Sometimes, I frighten people with my friendliness. It comes across too strong a little too early. I am an acquired taste, a bit odd and unusual. And sometimes I confuse someone who is friendly and nice to everybody with someone who genuinely wants to be my friend.

In other words, I’m unique.

So are you.

Maybe you’ve tried way too hard to make someone like you or be your friend.

Maybe you’ve wondered why all the people in your life seem gradually withdraw from you and go away after a while. Maybe even family members. Or spouses. The ones closest to you who you thought would always be there.

Here’s the thing. To God, you’re beautiful. To God, you’re a priceless work of art. To God, your worth is more than the very lifeblood of His only Son, all the agony and torture of a painful death on a cross. You matter.

I’ve come to believe the right people will see your mess and stick around anyway.

The right people will call out the good they see in you and help you to see it in yourself. They will help you remember that song in your heart when you’ve forgotten the words.

Even a Van Gogh painting probably looked like a mess when it was still in progress. And that’s what you are, dear friend.

A work in progress. A masterpiece in the making. Heaven’s poetry etched onto lives, as one translation of Ephesians 2:10 puts it.

Don’t despair. Don’t give up or give in to the pressure to be someone else or (perish the very idea) try to be normal.
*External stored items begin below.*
(* Let $\mathcal{R}$ be a cyclic proof system induced by a trace interpretation $\iota\colon\mathcal{R}\to\mathcal{T}_\mathcal{A}$ for a (finite) activation algebra $\mathcal{A}$. Then $\mathit{strip}\colon\mathrm{R}(\mathcal{R})\to\mathcal{R}$ is a proof morphism; in particular, if $\Pi$ is a proof of $\Gamma;(\Theta,\sigma)$ in $\mathrm{R}(\mathcal{R})$, then $\mathit{strip}(\Pi)$ is a proof of $\Gamma$ in $\mathcal{R}$.
   Context: An activation algebra $\mathcal{A}=(A,\le,\vee,0,\alpha)$ is a finite join-semilattice with least element $0$ and distinguished $\alpha\neq0$; $\mathcal{T}_\mathcal{A}$ has finite sets as objects, relations $R\subseteq X\times A\times Y$ as morphisms $X\to Y$, composition $R'\circ R=\{(x,c,z)\mid\exists y,a,b:(x,a,y)\in R,(y,b,z)\in R',a\vee b=c\}$, identities $\{(x,0,x)\}$. A composable sequence $(\tau_i)$ satisfies the trace condition if there are $k_0<k_1<\cdots$ and $s_i\in\mathrm{dom}(\tau_{k_i})$ with $(s_i,\alpha,s_{i+1})\in\tau_{k_{i+1}-1}\circ\cdots\circ\tau_{k_i}$ for all $i$. Cyclic trees: a tree is a nonempty prefix-closed $T\subseteq\omega^*$ ($\le$ prefix order, $\mathrm{Chld}(t)=\{ti\in T\}$). A cyclic tree $(T,\beta)$: finite tree and partial map $\beta$ from leaves to inner nodes with $\beta(t)<t$; $t\in\mathrm{dom}(\beta)$ are buds, $\beta(t)$ companions. A branch is $\pi\in T^\omega$ with $\pi_0=\varepsilon$, $\pi_{i+1}\in\mathrm{Chld}(\pi_i)$ if $\pi_i$ is not a leaf, and $\pi_i$ a bud with $\pi_{i+1}=\beta(\pi_i)$ if $\pi_i$ is a leaf. Derivation systems: a set $\textsc{Seq}$ of sequents, a set of rules, each rule $R$ having a conclusion and premises $(\Gamma,\Delta_1,\dots,\Delta_n)$. A preproof is $(C,\lambda,\delta)$ with $C=(T,\beta)$ a cyclic tree, $\lambda\colon T\to\textsc{Seq}$ with $\lambda(t)=\lambda(\beta(t))$ for buds, and partial $\delta$ from non-bud nodes to rules such that each non-bud $t$ is either an open leaf (not in $\mathrm{dom}(\delta)$) or $\delta(t)$ has conclusion $\lambda(t)$ and premises $\lambda(t1),\dots,\lambda(tn)$ where $\mathrm{Chld}(t)=\{t1,\dots,tn\}$. A cyclic proof system is a derivation system with a designated set of assumption-free preproofs (proofs). A trace interpretation $\iota\colon\mathcal{R}\to\mathcal{T}_\mathcal{A}$ assigns each sequent an object $\iota(\Gamma)$ and each rule $R$ with conclusion $\Gamma$ and premises $\Delta_i$ morphisms $r_i\colon\iota(\Gamma)\to\iota(\Delta_i)$; the induced cyclic proof system $\iota(\mathcal{R})$ takes as proofs the assumption-free preproofs such that along every branch $\pi$ the sequence of morphisms ($\delta(\pi_i)_j$ when $\pi_{i+1}=\pi_ij$, identity when $\pi_{i+1}=\beta(\pi_i)$) satisfies the trace condition. A preproof morphism $f\colon\mathcal{R}\to\mathcal{R}'$ maps sequents to sequents and each $\mathcal{R}$-rule with conclusion $\Gamma$ and premises $\Delta_i$ to an $\mathcal{R}'$-preproof with endsequent $f(\Gamma)$ and open leaves $f(\Delta_1),\dots,f(\Delta_n)$; it translates an $\mathcal{R}$-preproof $\Pi$ to the $\mathcal{R}'$-preproof $f(\Pi)$ obtained by replacing each rule application by its assigned preproof (composing at open leaves) and keeping bud–companion links. It is a proof morphism if $f(\Pi)$ is a proof whenever $\Pi$ is. Safra boards: with a fixed countable chip set $\mathcal{C}\supseteq\omega$, a Safra board on finite $X$ is $(\Theta,\sigma)$, $\Theta\subseteq\mathcal{C}$ finite linearly ordered (control), $\sigma\colon X\times A\to\mathcal{P}(\mathcal{P}(\Theta))$ with every chip in some stack; $\gamma$ covered iff it is the maximum of no stack. Transitions: $r$-successor for $r\colon X\to Y$ (move stacks: $\sigma^*(y,a)=\{S\in\sigma(x,b)\mid(x,c,y)\in r,\ a=b\vee c\}$; then for every $y$ with $\sigma^*(y,\alpha)\ne\emptyset$ add a fresh chip $\iota(y)\notin\Theta$ (distinct for distinct $y$, ordered above all old chips) on top of every stack in $\sigma^*(y,\alpha)$ and move these stacks to $(y,0)$, leaving $(y,\alpha)$ empty; control = old chips still occurring followed by the new chips); weakening (remove some stacks); population (add the empty stack to some positions $(x,0)$); $\gamma$-reset for covered $\gamma$ (replace every stack $S\ni\gamma$ by $\{z\in S\mid z\le\gamma\}$); in each case the new control consists of the chips still occurring, in the inherited order. Reset proof system $\mathrm{R}(\mathcal{R})$: sequents $\Gamma;(\Theta,\sigma)$ with $\Gamma\in\textsc{Seq}$ and $(\Theta,\sigma)$ a board on $\iota(\Gamma)$. Rules: structural rules Weak, $\textsc{Reset}_\gamma$, Pop with conclusion $\Gamma;(\Theta,\sigma)$ and one premise $\Gamma;(\Theta',\sigma')$ where $(\Theta',\sigma')$ arises by weakening, $\gamma$-reset, or population; and for every $\mathcal{R}$-rule $R$ (conclusion $\Gamma$, premises $\Delta_i$, maps $r_i$) and board $(\Theta,\sigma)$ on $\iota(\Gamma)$, a rule with conclusion $\Gamma;(\Theta,\sigma)$ and premises $\Delta_i;(\Theta_i,\sigma_i)$, $(\Theta_i,\sigma_i)$ an $r_i$-successor of $(\Theta,\sigma)$. For a bud $t$, let $\Theta$ be the longest common prefix of the controls on the path from $\beta(t)$ to $t$; an invariant is a nonempty prefix $\theta$ of $\Theta$ such that $\textsc{Reset}_{\max(\theta)}$ is applied on that path. An assumption-free $\mathrm{R}(\mathcal{R})$-preproof is a proof iff every bud's path has an invariant. The preproof morphism $\mathit{strip}\colon\mathrm{R}(\mathcal{R})\to\mathcal{R}$ maps $\Gamma;(\Theta,\sigma)\mapsto\Gamma$, maps each structural rule to the one-node preproof of $\Gamma$ (open leaf), and maps each annotated copy of an $\mathcal{R}$-rule $R$ to the one-step preproof applying $R$. Thus $\mathit{strip}(\Pi)$ erases annotations and contracts structural-rule steps. *)

theory Defs
  imports Main "HOL-Library.Sublist" "HOL-Library.Countable"
begin

text \<open>An activation algebra is a type 'a of class finite and bounded_semilattice_sup_bot
 (finite join-semilattice with least element bot = 0) together with alpha different from bot.
 Morphisms X -> Y are relations R contained in X x A x Y.\<close>

definition mcomp :: "('x \<times> 'a::sup \<times> 'x) set \<Rightarrow> ('x \<times> 'a \<times> 'x) set \<Rightarrow> ('x \<times> 'a \<times> 'x) set" where
  "mcomp R' R = {(x, c, z). \<exists>y a b. (x, a, y) \<in> R \<and> (y, b, z) \<in> R' \<and> c = sup a b}"

definition mid :: "'x set \<Rightarrow> ('x \<times> 'a::bot \<times> 'x) set" where
  "mid X = {(x, bot, x) | x. x \<in> X}"

text \<open>seg tau X0 m d = tau(m+d-1) o ... o tau(m), with X0 the domain of tau(m).\<close>
fun seg :: "(nat \<Rightarrow> ('x \<times> 'a::{sup,bot} \<times> 'x) set) \<Rightarrow> 'x set \<Rightarrow> nat \<Rightarrow> nat \<Rightarrow> ('x \<times> 'a \<times> 'x) set" where
  "seg \<tau> X0 m 0 = mid X0"
| "seg \<tau> X0 m (Suc d) = mcomp (\<tau> (m + d)) (seg \<tau> X0 m d)"

text \<open>Trace condition for a composable sequence tau with tau i : X i -> X (i+1).\<close>
definition trace_cond :: "'a::{sup,bot} \<Rightarrow> (nat \<Rightarrow> 'x set) \<Rightarrow> (nat \<Rightarrow> ('x \<times> 'a \<times> 'x) set) \<Rightarrow> bool" where
  "trace_cond \<alpha> X \<tau> \<longleftrightarrow> (\<exists>k s. strict_mono k \<and> (\<forall>i. s i \<in> X (k i)) \<and>
      (\<forall>i. (s i, \<alpha>, s (Suc i)) \<in> seg \<tau> (X (k i)) (k i) (k (Suc i) - k i)))"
Take courage, dear heart. God made you to be you. He delights in you being you. He’s even helping you find your truest self, the “youest” you.

Christmas is all about messes. Do you think the manger scene was pristine? Do you think the place where Jesus arrived was a 5-star hotel? It was not.

If Jesus arrived in the middle of a messy manger, then He above anyone understands what messes look like and how to make them clean. Not better, not improved, but new.

Celebrate that you’re you and no one else. One day, you’ll find out that your part in God’s Story might not have been the leading role, but it was vital to the Story and you made a difference in the outcome.

These are just the thoughts of one hot mess directed to all the other hot messes out there.